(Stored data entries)
definition dirac_l :: "((real, 'n::{finite,linorder}) vec \<Rightarrow> 'n clif) \<Rightarrow> (real, 'n) vec \<Rightarrow> 'n clif" where
  "dirac_l f = (\<lambda>x A. \<Sum>j\<in>UNIV. (cbasis j \<odot> cpartial j f x) A)"

definition dirac_r :: "((real, 'n::{finite,linorder}) vec \<Rightarrow> 'n clif) \<Rightarrow> (real, 'n) vec \<Rightarrow> 'n clif" where
  "dirac_r f = (\<lambda>x A. \<Sum>j\<in>UNIV. (cpartial j f x \<odot> cbasis j) A)"

definition laplacian :: "((real, 'n::{finite,linorder}) vec \<Rightarrow> 'n clif) \<Rightarrow> (real, 'n) vec \<Rightarrow> 'n clif" where
  "laplacian f = (\<lambda>x A. \<Sum>j\<in>UNIV. cpartial j (cpartial j f) x A)"

definition harmonic_on :: "((real, 'n::{finite,linorder}) vec \<Rightarrow> 'n clif) \<Rightarrow> ((real, 'n) vec) set \<Rightarrow> bool" where
  "harmonic_on f S \<longleftrightarrow> (\<forall>x\<in>S. laplacian f x = (\<lambda>A. 0))"

definition biharmonic_on :: "((real, 'n::{finite,linorder}) vec \<Rightarrow> 'n clif) \<Rightarrow> ((real, 'n) vec) set \<Rightarrow> bool" where
  "biharmonic_on f S \<longleftrightarrow> (\<forall>x\<in>S. laplacian (laplacian f) x = (\<lambda>A. 0))"

definition inframonogenic_on :: "((real, 'n::{finite,linorder}) vec \<Rightarrow> 'n clif) \<Rightarrow> ((real, 'n) vec) set \<Rightarrow> bool" where
  "inframonogenic_on f S \<longleftrightarrow>
     (\<forall>x\<in>S. (\<lambda>A. \<Sum>i\<in>UNIV. \<Sum>j\<in>UNIV. (cbasis i \<odot> cpartial i (cpartial j f) x \<odot> cbasis j) A) = (\<lambda>A. 0))"

definition left_3_monogenic_on :: "((real, 'n::{finite,linorder}) vec \<Rightarrow> 'n clif) \<Rightarrow> ((real, 'n) vec) set \<Rightarrow> bool" where
  "left_3_monogenic_on f S \<longleftrightarrow> (\<forall>x\<in>S. dirac_l (dirac_l (dirac_l f)) x = (\<lambda>A. 0))"

definition right_3_monogenic_on :: "((real, 'n::{finite,linorder}) vec \<Rightarrow> 'n clif) \<Rightarrow> ((real, 'n) vec) set \<Rightarrow> bool" where
  "right_3_monogenic_on f S \<longleftrightarrow> (\<forall>x\<in>S. dirac_r (dirac_r (dirac_r f)) x = (\<lambda>A. 0))"

end

theory Submission
  imports Defs "HOL-Library.Function_Algebras"
begin

(* Write I F = \<partial> F \<partial> for the inframonogenic operator and c = (-1)^k (2k - m) \<noteq> 0.  The proof
   rests on three explicit formulas, valid at every point of \<Omega>:
     \<partial>\<^sup>3(F x)     = -(\<partial>\<Delta>F) x - 2 I F - c \<Delta>F,
     (x F)\<partial>\<^sup>3     = -x(\<Delta>F \<partial>) - 2 I F - c \<Delta>F,
     \<Delta>\<^sup>2(x F x)  = x(\<Delta>\<^sup>2F)x + 4 x(\<Delta>F \<partial>) + 4 (\<partial>\<Delta>F) x + 8 I F + 4c \<Delta>F.
   If \<Delta>F = 0 they reduce to -2 I F, -2 I F and 8 I F; if I F = 0, then \<partial>\<Delta>F = -(I F)\<partial> = 0,
   \<Delta>F \<partial> = -\<partial>(I F) = 0 and \<Delta>\<^sup>2F = -\<partial>\<partial>\<Delta>F = 0, so they reduce to -c \<Delta>F, -c \<Delta>F and 4c \<Delta>F. *)

section \<open>The Clifford algebra\<close>

(* Clifford numbers are real-valued functions on index sets; we make them a real vector
   space pointwise, and keep pointwise application out of the default simpset so that
   Clifford-level equations are not unfolded prematurely. *)

instantiation "fun" :: (type, real_vector) real_vector
begin
definition scaleR_fun :: "real \<Rightarrow> ('a \<Rightarrow> 'b) \<Rightarrow> 'a \<Rightarrow> 'b" where
  "scaleR_fun r f = (\<lambda>x. r *\<^sub>R f x)"
instance by standard (auto simp: scaleR_fun_def algebra_simps)
end

declare plus_fun_apply[simp del] zero_fun_apply[simp del] minus_apply[simp del]
  uminus_apply[simp del] times_fun_apply[simp del] one_fun_apply[simp del]

lemma scaleR_fun_apply: "(r *\<^sub>R f) x = r *\<^sub>R f x"
  by (simp add: scaleR_fun_def)

lemma sum_fun_apply: "(\<Sum>i\<in>I. f i) x = (\<Sum>i\<in>I. f i x)"
  by (induction I rule: infinite_finite_induct) (auto simp: plus_fun_apply zero_fun_apply)

lemmas fun_apply = plus_fun_apply zero_fun_apply minus_apply uminus_apply scaleR_fun_apply sum_fun_apply

lemma zero_clif_lambda: "(\<lambda>A. 0) = (0 :: 'a \<Rightarrow> real)"
  by (simp add: zero_fun_def)

lemma symd_symd[simp]: "symd A (symd A B) = B"
  by (auto simp: symd_def)

lemma symd_empty[simp]: "symd {} A = A" "symd A {} = A" "symd A A = {}"
  by (auto simp: symd_def)

(* The sign of e\<^sub>A e\<^sub>B factors as (-1)^(number of inversions) times (-1)^|A \<inter> B|; both
   factors are multiplicative under symmetric difference, which yields the cocycle identity
   behind associativity. *)

definition sign_card :: "'a set \<Rightarrow> real" where "sign_card P = (-1) ^ card P"

lemma sign_card_symd:
  assumes "finite P" "finite Q"
  shows "sign_card (symd P Q) = sign_card P * sign_card Q"
proof -
  have s: "card (symd P Q) = card (P - Q) + card (Q - P)"
    unfolding symd_def by (rule card_Un_disjoint) (use assms in auto)
  have p: "card P = card (P \<inter> Q) + card (P - Q)" using card_Int_Diff assms(1) .
  have q: "card Q = card (P \<inter> Q) + card (Q - P)"
    using card_Int_Diff[OF assms(2), of P] by (simp add: Int_commute)
  have "sign_card P * sign_card Q = (-1) ^ (card (symd P Q) + 2 * card (P \<inter> Q))"
    unfolding sign_card_def p q s by (simp add: power_add[symmetric]) (simp add: algebra_simps mult_2)
  also have "\<dots> = sign_card (symd P Q)" by (simp add: sign_card_def power_add power_mult)
  finally show ?thesis by simp
qed

definition inversions :: "'n::linorder set \<Rightarrow> 'n set \<Rightarrow> ('n \<times> 'n) set" where
  "inversions A B = {(a, b). a \<in> A \<and> b \<in> B \<and> b < a}"

lemma csign_factor: "csign A B = sign_card (inversions A B) * sign_card (A \<inter> B)"
  by (simp add: csign_def sign_card_def inversions_def power_add)

lemma csign_cocycle:
  fixes A B C :: "'n::{finite,linorder} set"
  shows "csign A B * csign (symd A B) C = csign B C * csign A (symd B C)"
proof -
  have inv: "inversions (symd A B) C = symd (inversions A C) (inversions B C)"
    "inversions A (symd B C) = symd (inversions A B) (inversions A C)" for A B C :: "'n set"
    by (auto simp: inversions_def symd_def)
  have int: "symd A B \<inter> C = symd (A \<inter> C) (B \<inter> C)" "A \<inter> symd B C = symd (A \<inter> B) (A \<inter> C)"
    for A B C :: "'n set"
    by (auto simp: symd_def)
  have fin: "finite (X :: ('n \<times> 'n) set)" "finite (Y :: 'n set)" for X Y by auto
  show ?thesis
    unfolding csign_factor inv int by (simp add: sign_card_symd fin)
qed

lemma sum_UNIV_symd_reindex:
  fixes f :: "'n::finite set \<Rightarrow> 'b::comm_monoid_add"
  shows "(\<Sum>X\<in>UNIV. f X) = (\<Sum>B\<in>UNIV. f (symd A B))"
  by (rule sum.reindex_bij_witness[of _ "symd A" "symd A"]) auto

lemma cmul_assoc: "(a \<odot> b) \<odot> c = a \<odot> (b \<odot> c)"
proof
  fix D
  have "((a \<odot> b) \<odot> c) D = (\<Sum>X\<in>UNIV. \<Sum>A\<in>UNIV. a A * b (symd A X) * csign A (symd A X) * c (symd X D) * csign X (symd X D))"
    by (simp add: cmul_def sum_distrib_right)
  also have "\<dots> = (\<Sum>A\<in>UNIV. \<Sum>X\<in>UNIV. a A * b (symd A X) * csign A (symd A X) * c (symd X D) * csign X (symd X D))"
    by (rule sum.swap)
  also have "\<dots> = (\<Sum>A\<in>UNIV. \<Sum>B\<in>UNIV. a A * b B * csign A B * c (symd (symd A B) D) * csign (symd A B) (symd (symd A B) D))"
  proof (rule sum.cong[OF refl])
    fix A :: "'a set"
    show "(\<Sum>X\<in>UNIV. a A * b (symd A X) * csign A (symd A X) * c (symd X D) * csign X (symd X D)) =
      (\<Sum>B\<in>UNIV. a A * b B * csign A B * c (symd (symd A B) D) * csign (symd A B) (symd (symd A B) D))"
      by (rule trans[OF sum_UNIV_symd_reindex[where A=A]]) simp
  qed
  also have "\<dots> = (\<Sum>A\<in>UNIV. \<Sum>B\<in>UNIV. a A * (b B * c (symd B (symd A D)) * csign B (symd B (symd A D))) * csign A (symd A D))"
  proof (intro sum.cong refl)
    fix A B
    have e1: "symd (symd A B) D = symd B (symd A D)" by (auto simp: symd_def)
    have "csign A B * csign (symd A B) (symd B (symd A D)) = csign B (symd B (symd A D)) * csign A (symd A D)"
      using csign_cocycle[of A B "symd B (symd A D)"] by simp
    thus "a A * b B * csign A B * c (symd (symd A B) D) * csign (symd A B) (symd (symd A B) D) =
      a A * (b B * c (symd B (symd A D)) * csign B (symd B (symd A D))) * csign A (symd A D)"
      unfolding e1 by (simp add: algebra_simps)
  qed
  also have "\<dots> = (a \<odot> (b \<odot> c)) D"
    by (simp add: cmul_def sum_distrib_left sum_distrib_right)
  finally show "((a \<odot> b) \<odot> c) D = (a \<odot> (b \<odot> c)) D" .
qed

lemma cmul_add_left: "(a + b) \<odot> c = a \<odot> c + b \<odot> c"
  by (auto simp: cmul_def algebra_simps sum.distrib fun_eq_iff fun_apply)
lemma cmul_add_right: "c \<odot> (a + b) = c \<odot> a + c \<odot> b"
  by (auto simp: cmul_def algebra_simps sum.distrib fun_eq_iff fun_apply)
lemma cmul_minus_left: "(- a) \<odot> c = - (a \<odot> c)"
  by (auto simp: cmul_def sum_negf fun_eq_iff fun_apply)
lemma cmul_minus_right: "c \<odot> (- a) = - (c \<odot> a)"
  by (auto simp: cmul_def sum_negf fun_eq_iff fun_apply)
lemma cmul_zero[simp]: "0 \<odot> c = 0" "c \<odot> 0 = 0"
  by (auto simp: cmul_def fun_eq_iff fun_apply)
lemma cmul_scaleR_left: "(r *\<^sub>R a) \<odot> c = r *\<^sub>R (a \<odot> c)"
  by (auto simp: cmul_def algebra_simps sum_distrib_left fun_eq_iff fun_apply)
lemma cmul_scaleR_right: "c \<odot> (r *\<^sub>R a) = r *\<^sub>R (c \<odot> a)"
  by (auto simp: cmul_def algebra_simps sum_distrib_left fun_eq_iff fun_apply)
lemma cmul_sum_left: "(\<Sum>i\<in>I. f i) \<odot> c = (\<Sum>i\<in>I. f i \<odot> c)"
  by (induction I rule: infinite_finite_induct) (auto simp: cmul_add_left)
lemma cmul_sum_right: "c \<odot> (\<Sum>i\<in>I. f i) = (\<Sum>i\<in>I. c \<odot> f i)"
  by (induction I rule: infinite_finite_induct) (auto simp: cmul_add_right)

definition cunit :: "'n::{finite,linorder} clif" where "cunit = (\<lambda>A. if A = {} then 1 else 0)"

lemma sum_UNIV_single:
  fixes f :: "'a::finite \<Rightarrow> 'b::comm_monoid_add"
  assumes "\<And>A. A \<noteq> a \<Longrightarrow> f A = 0"
  shows "(\<Sum>A\<in>UNIV. f A) = f a"
  using sum.mono_neutral_right[of UNIV "{a}" f] assms by auto

lemma cunit_mul: "cunit \<odot> a = a"
proof
  fix C show "(cunit \<odot> a) C = a C"
    unfolding cmul_def cunit_def by (subst sum_UNIV_single[where a="{}"]) (auto simp: csign_def)
qed

lemma mul_cunit: "a \<odot> cunit = a"
proof
  fix C
  have "(a \<odot> cunit) C = (\<Sum>A\<in>UNIV. if A = C then a A * csign A (symd A C) else 0)"
    unfolding cmul_def cunit_def by (rule sum.cong) (auto simp: symd_def)
  thus "(a \<odot> cunit) C = a C" by (simp add: symd_def csign_def)
qed

lemma cbasis_mul_apply: "(cbasis j \<odot> a) C = csign {j} (symd {j} C) * a (symd {j} C)"
  unfolding cmul_def cbasis_def by (subst sum_UNIV_single[where a="{j}"]) auto
lemma is_normalisation_proj2I:
  assumes g: "arr g" "dom g = X \<otimes>\<^sub>o Y" "cod g = Y"
    and copy_g: "copy Y \<cdot> g = (g \<otimes> id Y) \<cdot> assoc' X Y Y \<cdot> (id X \<otimes> copy Y)"
  shows "is_normalisation C g (proj2 X Y)"
proof -
  let ?p = "proj2 X Y"
  have "dmn C g \<otimes> ?p = (disc Y \<otimes> id Y) \<cdot> (g \<otimes> ?p)"
    using g tensor_comp[of g "disc Y" ?p "id Y"] by (simp add: dmn_def)
  also have "g \<otimes> ?p = (g \<otimes> id Y) \<cdot> (id (X \<otimes>\<^sub>o Y) \<otimes> ?p)"
    using g tensor_comp[of "id (X \<otimes>\<^sub>o Y)" g ?p "id Y"] by simp
  finally have "lunit Y \<cdot> (dmn C g \<otimes> ?p) \<cdot> copy (X \<otimes>\<^sub>o Y)
      = lunit Y \<cdot> (disc Y \<otimes> id Y) \<cdot> (g \<otimes> id Y) \<cdot> (id (X \<otimes>\<^sub>o Y) \<otimes> ?p) \<cdot> copy (X \<otimes>\<^sub>o Y)"
    using g by simp
  also have "\<dots> = lunit Y \<cdot> (disc Y \<otimes> id Y) \<cdot> copy Y \<cdot> g"
    using g copy_g by (simp add: copy_tensor_proj2)
  also have "\<dots> = g"
    using g comp_eq_precomp[OF counit[of Y], of g] by simp
  finally show ?thesis
    using g by (simp add: is_normalisation_def hom_def)
qed

lemma copy_cmp_tensor_id:
  assumes cmp: "comparator_structure C cmp" and f: "arr f" "dom f = X" "cod f = Y"
  shows "copy Y \<cdot> cmp Y \<cdot> (f \<otimes> id Y) = ((cmp Y \<cdot> (f \<otimes> id Y)) \<otimes> id Y) \<cdot> assoc' X Y Y \<cdot> (id X \<otimes> copy Y)"
proof -
  have cmp_typing: "arr (cmp Y)" "dom (cmp Y) = Y \<otimes>\<^sub>o Y" "cod (cmp Y) = Y"
    using cmp by (auto simp: comparator_structure_def hom_def)
  have frobenius: "(cmp Y \<otimes> id Y) \<cdot> assoc' Y Y Y \<cdot> (id Y \<otimes> copy Y) = copy Y \<cdot> cmp Y"
    using cmp by (simp add: comparator_structure_def)
  have "(id Y \<otimes> copy Y) \<cdot> (f \<otimes> id Y) = (f \<otimes> id (Y \<otimes>\<^sub>o Y)) \<cdot> (id X \<otimes> copy Y)"
    using f tensor_comp[of f "id Y" "id Y" "copy Y"] tensor_comp[of "id X" f "copy Y" "id (Y \<otimes>\<^sub>o Y)"]
    by simp
  then have "copy Y \<cdot> cmp Y \<cdot> (f \<otimes> id Y) = (cmp Y \<otimes> id Y) \<cdot> assoc' Y Y Y \<cdot> (f \<otimes> id (Y \<otimes>\<^sub>o Y)) \<cdot> (id X \<otimes> copy Y)"
    using comp_eq_precomp[OF frobenius[symmetric], of "f \<otimes> id Y"] cmp_typing f by simp
  also have "\<dots> = (cmp Y \<otimes> id Y) \<cdot> ((f \<otimes> id Y) \<otimes> id Y) \<cdot> assoc' X Y Y \<cdot> (id X \<otimes> copy Y)"
    using comp_eq_precomp[OF assoc'_naturality[of f "id Y" "id Y"], of "id X \<otimes> copy Y"] f by simp
  also have "\<dots> = ((cmp Y \<cdot> (f \<otimes> id Y)) \<otimes> id Y) \<cdot> assoc' X Y Y \<cdot> (id X \<otimes> copy Y)"
    using comp_tensor_id[of "f \<otimes> id Y" "cmp Y" Y] cmp_typing f by simp
  finally show ?thesis .
qed

lemma nrm_eq_nrm_normalisation:
  assumes nrm: "normalisation_structure C nrm"
    and p: "is_normalisation C g p" and dmn_g: "nrm (dmn C g) = disc (dom g)"
  shows "nrm g = nrm p"
proof -
  have nrm_normalisation: "\<And>h. arr h \<Longrightarrow> is_normalisation C h (nrm h)"
   and nrm_tensor: "\<And>a b. arr a \<Longrightarrow> arr b \<Longrightarrow> nrm (a \<otimes> b) = nrm a \<otimes> nrm b"
   and nrm_channel_comp: "\<And>h k A B D. h \<in> hom C A B \<Longrightarrow> k \<in> hom C B D \<Longrightarrow> channel C k \<Longrightarrow>
        nrm (k \<cdot> h) = k \<cdot> nrm h"
   and nrm_comp_copy: "\<And>h A B. h \<in> hom C (A \<otimes>\<^sub>o A) B \<Longrightarrow> nrm (h \<cdot> copy A) = nrm h \<cdot> copy A"
    using nrm unfolding normalisation_structure_def by blast+
  have g: "arr g" and p_typing: "arr p" "dom p = dom g" "cod p = cod g"
    and g_eq: "g = lunit (cod g) \<cdot> (dmn C g \<otimes> p) \<cdot> copy (dom g)"
    using p by (auto simp: is_normalisation_def hom_def)
  have dmn_typing: "arr (dmn C g)" "dom (dmn C g) = dom g" "cod (dmn C g) = \<I>"
    using g by (simp_all add: dmn_def)
  have nrm_p: "arr (nrm p)" "dom (nrm p) = dom g" "cod (nrm p) = cod g"
    using nrm_normalisation[OF p_typing(1)] p_typing by (auto simp: is_normalisation_def hom_def)
  have "nrm g = lunit (cod g) \<cdot> nrm ((dmn C g \<otimes> p) \<cdot> copy (dom g))"
    using g_eq nrm_channel_comp[of "(dmn C g \<otimes> p) \<cdot> copy (dom g)" "dom g" "\<I> \<otimes>\<^sub>o cod g" "lunit (cod g)" "cod g"]
      channel_lunit dmn_typing p_typing
    by (simp add: hom_def)
  also have "\<dots> = lunit (cod g) \<cdot> (disc (dom g) \<otimes> nrm p) \<cdot> copy (dom g)"
    using nrm_comp_copy[of "dmn C g \<otimes> p" "dom g" "\<I> \<otimes>\<^sub>o cod g"] nrm_tensor dmn_g dmn_typing p_typing
    by (simp add: hom_def)
  also have "\<dots> = nrm p"
    using lunit_disc_tensor_copy[OF nrm_p(1)] nrm_p by simp
  finally show ?thesis .
qed
lemma D_cont: "l \<in> {a..c n} \<Longrightarrow> continuous (at l within {l..c n}) (\<lambda>m. D n m x)"
  using brsr_D[of n] unfolding brsr_def continuous_within by blast

definition F_inv :: "nat \<Rightarrow> real \<Rightarrow> real" where
  "F_inv n \<mu> = Inf {l \<in> {a..c n}. \<mu> \<le> F n l}"

lemma F_inv_le: "l \<in> {a..c n} \<Longrightarrow> \<mu> \<le> F n l \<Longrightarrow> F_inv n \<mu> \<le> l"
  unfolding F_inv_def by (rule cInf_lower) (auto intro: bdd_belowI[of _ a])

lemma F_inv_in: "\<mu> \<le> B \<Longrightarrow> F_inv n \<mu> \<in> {a..c n}"
proof -
  assume "\<mu> \<le> B"
  then have c_mem: "c n \<in> {l \<in> {a..c n}. \<mu> \<le> F n l}" using F_end a_le_c by simp
  then have "F_inv n \<mu> \<le> c n" using F_inv_le by blast
  moreover have "a \<le> F_inv n \<mu>" unfolding F_inv_def by (rule cInf_greatest) (use c_mem in auto)
  ultimately show ?thesis by simp
qed

lemma le_F_F_inv: "\<mu> \<le> B \<Longrightarrow> \<mu> \<le> F n (F_inv n \<mu>)"
proof (rule ccontr)
  assume \<mu>: "\<mu> \<le> B" and "\<not> \<mu> \<le> F n (F_inv n \<mu>)"
  define t where "t = F_inv n \<mu>"
  have t: "t \<in> {a..c n}" unfolding t_def by (rule F_inv_in[OF \<mu>])
  have lt: "F n t < \<mu>" using \<open>\<not> \<mu> \<le> F n (F_inv n \<mu>)\<close> unfolding t_def by simp
  \<comment> \<open>by right continuity \<open>F n < \<mu>\<close> on some \<open>[t, t + d)\<close>, contradicting the
    choice of \<open>t\<close> as an infimum\<close>
  obtain d where d: "d > 0" "\<And>m. m \<in> {t..c n} \<Longrightarrow> m < t + d \<Longrightarrow> dist (F n m) (F n t) < \<mu> - F n t"
    using F_cont[OF t] lt unfolding continuous_at_right_iff by (meson diff_gt_0_iff_gt)
  have "\<exists>m\<in>{l \<in> {a..c n}. \<mu> \<le> F n l}. m < t + d"
    using d(1) F_end a_le_c \<mu> unfolding t_def F_inv_def
    by (subst cInf_less_iff[symmetric]) (auto intro: bdd_belowI[of _ a])
  then obtain m where m: "m \<in> {a..c n}" "\<mu> \<le> F n m" "m < t + d" by blast
  have "t \<le> m" unfolding t_def using F_inv_le[OF m(1,2)] .
  then have "dist (F n m) (F n t) < \<mu> - F n t" using d(2) m by simp
  then show False using m(2) by (simp add: dist_real_def)
qed

lemma F_inv_mono: "\<mu> \<le> \<nu> \<Longrightarrow> \<nu> \<le> B \<Longrightarrow> F_inv n \<mu> \<le> F_inv n \<nu>"
  by (rule F_inv_le[OF F_inv_in]) (auto intro: order_trans[OF _ le_F_F_inv])

lemma F_inv_F: "l \<in> {a..c n} \<Longrightarrow> F_inv n (F n l) = l"
proof -
  assume l: "l \<in> {a..c n}"
  have "F_inv n (F n l) \<le> l" by (rule F_inv_le[OF l]) simp
  moreover have "F n l \<le> F n (F_inv n (F n l))" by (rule le_F_F_inv[OF F_le_B[OF l]])
  ultimately show ?thesis using F_strict_mono[OF l F_inv_in[OF F_le_B[OF l]]] by force
qed

lemma F_inv_Suc_le: "\<mu> \<le> B \<Longrightarrow> F_inv (Suc n) \<mu> \<le> g n (F_inv n \<mu>)"
  using F_inv_le[OF g_in[OF F_inv_in]] F_g[OF F_inv_in] le_F_F_inv by simp

lemma F_inv_cont: "\<mu> \<le> B \<Longrightarrow> continuous (at \<mu> within {\<mu>..B}) (F_inv n)"
  unfolding continuous_at_right_iff
proof (intro allI impI)
  fix e :: real
  assume \<mu>: "\<mu> \<le> B" and e: "e > 0"
  have t: "F_inv n \<mu> \<in> {a..c n}" by (rule F_inv_in[OF \<mu>])
  have F_inv_near: "dist (F_inv n \<nu>) (F_inv n \<mu>) < e" if "\<nu> \<in> {\<mu>..B}" "F_inv n \<nu> < F_inv n \<mu> + e" for \<nu>
    using that F_inv_mono[of \<mu> \<nu> n] by (simp add: dist_real_def)
  show "\<exists>d>0. \<forall>\<nu>\<in>{\<mu>..B}. \<nu> < \<mu> + d \<longrightarrow> dist (F_inv n \<nu>) (F_inv n \<mu>) < e"
  proof (cases "F_inv n \<mu> + e / 2 \<le> c n")
    case True
    define l where "l = F_inv n \<mu> + e / 2"
    have l: "l \<in> {a..c n}" using True t e by (simp add: l_def)
    have "F n (F_inv n \<mu>) < F n l" by (rule F_strict_mono[OF l t]) (use e in \<open>simp add: l_def\<close>)
    then have "F n l - \<mu> > 0" using le_F_F_inv[OF \<mu>, of n] by linarith
    moreover have "F_inv n \<nu> < F_inv n \<mu> + e" if "\<nu> < \<mu> + (F n l - \<mu>)" for \<nu>
      using F_inv_le[OF l, of \<nu>] that e by (simp add: l_def)
    ultimately show ?thesis using F_inv_near by blast
  next
    case False
    then have "F_inv n \<nu> < F_inv n \<mu> + e" if "\<nu> \<in> {\<mu>..B}" for \<nu>
      using F_inv_in[of \<nu> n] that e by auto
    then show ?thesis using F_inv_near by (meson zero_less_one)
  qed
qed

REQUIRED ACTION – Every line of the records that includes the word "blast" should be gathered.

ANSWER FOR THE TASK –
    using nrm unfolding normalisation_structure_def by blast+
  using brsr_D[of n] unfolding brsr_def continuous_within by blast
  then have "F_inv n \<mu> \<le> c n" using F_inv_le by blast
  then obtain m where m: "m \<in> {a..c n}" "\<mu> \<le> F n m" "m < t + d" by blast
    ultimately show ?thesis using F_inv_near by blast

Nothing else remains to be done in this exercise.